:: Dataset content ::
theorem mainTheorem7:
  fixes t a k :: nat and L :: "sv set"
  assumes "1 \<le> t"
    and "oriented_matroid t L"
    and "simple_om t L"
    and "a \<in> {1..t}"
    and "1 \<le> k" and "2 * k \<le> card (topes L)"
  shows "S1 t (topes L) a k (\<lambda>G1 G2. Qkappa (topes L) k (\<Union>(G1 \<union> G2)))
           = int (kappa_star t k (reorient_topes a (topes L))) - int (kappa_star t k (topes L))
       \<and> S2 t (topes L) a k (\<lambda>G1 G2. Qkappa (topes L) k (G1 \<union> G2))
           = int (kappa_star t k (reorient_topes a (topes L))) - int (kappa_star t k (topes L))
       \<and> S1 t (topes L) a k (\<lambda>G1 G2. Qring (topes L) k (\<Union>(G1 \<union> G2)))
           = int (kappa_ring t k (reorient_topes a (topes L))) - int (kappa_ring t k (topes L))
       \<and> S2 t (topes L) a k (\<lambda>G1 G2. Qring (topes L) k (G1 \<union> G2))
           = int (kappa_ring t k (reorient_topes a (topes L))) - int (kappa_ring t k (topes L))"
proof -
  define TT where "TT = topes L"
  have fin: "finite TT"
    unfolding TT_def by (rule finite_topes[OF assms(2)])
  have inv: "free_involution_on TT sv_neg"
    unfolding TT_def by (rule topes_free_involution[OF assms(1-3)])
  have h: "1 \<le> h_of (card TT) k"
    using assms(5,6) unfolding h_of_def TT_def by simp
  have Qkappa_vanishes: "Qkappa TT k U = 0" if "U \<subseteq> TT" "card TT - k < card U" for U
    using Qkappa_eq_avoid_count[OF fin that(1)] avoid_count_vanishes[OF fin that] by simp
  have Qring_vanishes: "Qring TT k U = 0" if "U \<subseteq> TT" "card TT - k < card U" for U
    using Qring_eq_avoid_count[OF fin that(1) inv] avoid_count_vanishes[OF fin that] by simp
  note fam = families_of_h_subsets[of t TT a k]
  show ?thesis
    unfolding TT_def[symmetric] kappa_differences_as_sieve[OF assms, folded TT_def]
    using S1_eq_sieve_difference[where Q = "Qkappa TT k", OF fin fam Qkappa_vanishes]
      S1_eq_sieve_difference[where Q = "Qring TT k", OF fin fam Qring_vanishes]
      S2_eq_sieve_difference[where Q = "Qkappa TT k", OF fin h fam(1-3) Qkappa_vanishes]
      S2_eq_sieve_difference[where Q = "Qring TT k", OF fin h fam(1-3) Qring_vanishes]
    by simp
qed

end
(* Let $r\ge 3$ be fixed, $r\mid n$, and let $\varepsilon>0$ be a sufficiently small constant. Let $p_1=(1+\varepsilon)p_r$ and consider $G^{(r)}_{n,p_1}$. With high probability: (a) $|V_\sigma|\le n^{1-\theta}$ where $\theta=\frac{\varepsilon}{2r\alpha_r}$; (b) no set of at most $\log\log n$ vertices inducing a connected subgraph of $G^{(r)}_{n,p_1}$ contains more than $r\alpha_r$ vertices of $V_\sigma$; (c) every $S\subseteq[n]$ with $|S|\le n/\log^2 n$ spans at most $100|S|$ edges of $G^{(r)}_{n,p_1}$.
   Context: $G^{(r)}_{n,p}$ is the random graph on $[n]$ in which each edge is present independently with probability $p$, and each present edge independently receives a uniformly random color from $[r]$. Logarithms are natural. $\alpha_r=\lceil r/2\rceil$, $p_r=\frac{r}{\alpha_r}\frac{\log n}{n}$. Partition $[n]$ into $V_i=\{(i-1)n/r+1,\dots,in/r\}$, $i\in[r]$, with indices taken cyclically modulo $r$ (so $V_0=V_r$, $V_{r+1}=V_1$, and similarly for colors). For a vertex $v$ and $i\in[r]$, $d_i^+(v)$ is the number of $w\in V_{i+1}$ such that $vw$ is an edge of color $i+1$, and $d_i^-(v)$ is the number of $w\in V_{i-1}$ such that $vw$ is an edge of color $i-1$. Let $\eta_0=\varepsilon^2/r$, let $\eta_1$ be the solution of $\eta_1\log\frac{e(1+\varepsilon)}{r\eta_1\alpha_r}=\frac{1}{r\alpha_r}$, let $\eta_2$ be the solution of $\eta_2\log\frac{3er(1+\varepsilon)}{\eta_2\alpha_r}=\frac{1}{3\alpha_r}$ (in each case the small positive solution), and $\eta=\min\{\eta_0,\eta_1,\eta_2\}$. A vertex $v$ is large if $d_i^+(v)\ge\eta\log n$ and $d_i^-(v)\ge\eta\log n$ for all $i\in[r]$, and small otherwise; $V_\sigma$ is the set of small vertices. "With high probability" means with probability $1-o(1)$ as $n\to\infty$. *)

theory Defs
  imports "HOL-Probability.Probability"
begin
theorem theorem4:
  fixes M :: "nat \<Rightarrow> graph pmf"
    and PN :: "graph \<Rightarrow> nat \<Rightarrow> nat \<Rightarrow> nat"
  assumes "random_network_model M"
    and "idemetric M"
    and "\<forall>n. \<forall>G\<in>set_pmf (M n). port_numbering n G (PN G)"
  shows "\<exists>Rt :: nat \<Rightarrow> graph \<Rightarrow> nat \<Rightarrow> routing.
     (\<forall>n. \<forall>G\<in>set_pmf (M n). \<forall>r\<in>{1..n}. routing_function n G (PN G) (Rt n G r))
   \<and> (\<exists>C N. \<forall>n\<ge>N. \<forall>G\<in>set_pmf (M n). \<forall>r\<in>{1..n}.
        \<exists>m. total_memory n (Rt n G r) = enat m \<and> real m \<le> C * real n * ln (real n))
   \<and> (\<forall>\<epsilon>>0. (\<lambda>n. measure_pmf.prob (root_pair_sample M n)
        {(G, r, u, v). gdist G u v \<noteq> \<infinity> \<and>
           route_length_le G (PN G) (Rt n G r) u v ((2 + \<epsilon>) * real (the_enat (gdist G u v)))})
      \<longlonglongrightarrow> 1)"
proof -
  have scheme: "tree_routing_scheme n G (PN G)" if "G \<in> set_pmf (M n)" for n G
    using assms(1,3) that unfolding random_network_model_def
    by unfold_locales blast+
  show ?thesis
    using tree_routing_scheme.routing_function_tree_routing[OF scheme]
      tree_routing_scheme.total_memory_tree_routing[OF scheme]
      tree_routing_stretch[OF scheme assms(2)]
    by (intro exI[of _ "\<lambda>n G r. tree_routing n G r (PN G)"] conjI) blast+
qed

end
:::
* Instructions to follow *
From the lines above, copy those that contain the word "gdist".

* Reply to the task *
        {(G, r, u, v). gdist G u v \<noteq> \<infinity> \<and>
           route_length_le G (PN G) (Rt n G r) u v ((2 + \<epsilon>) * real (the_enat (gdist G u v)))})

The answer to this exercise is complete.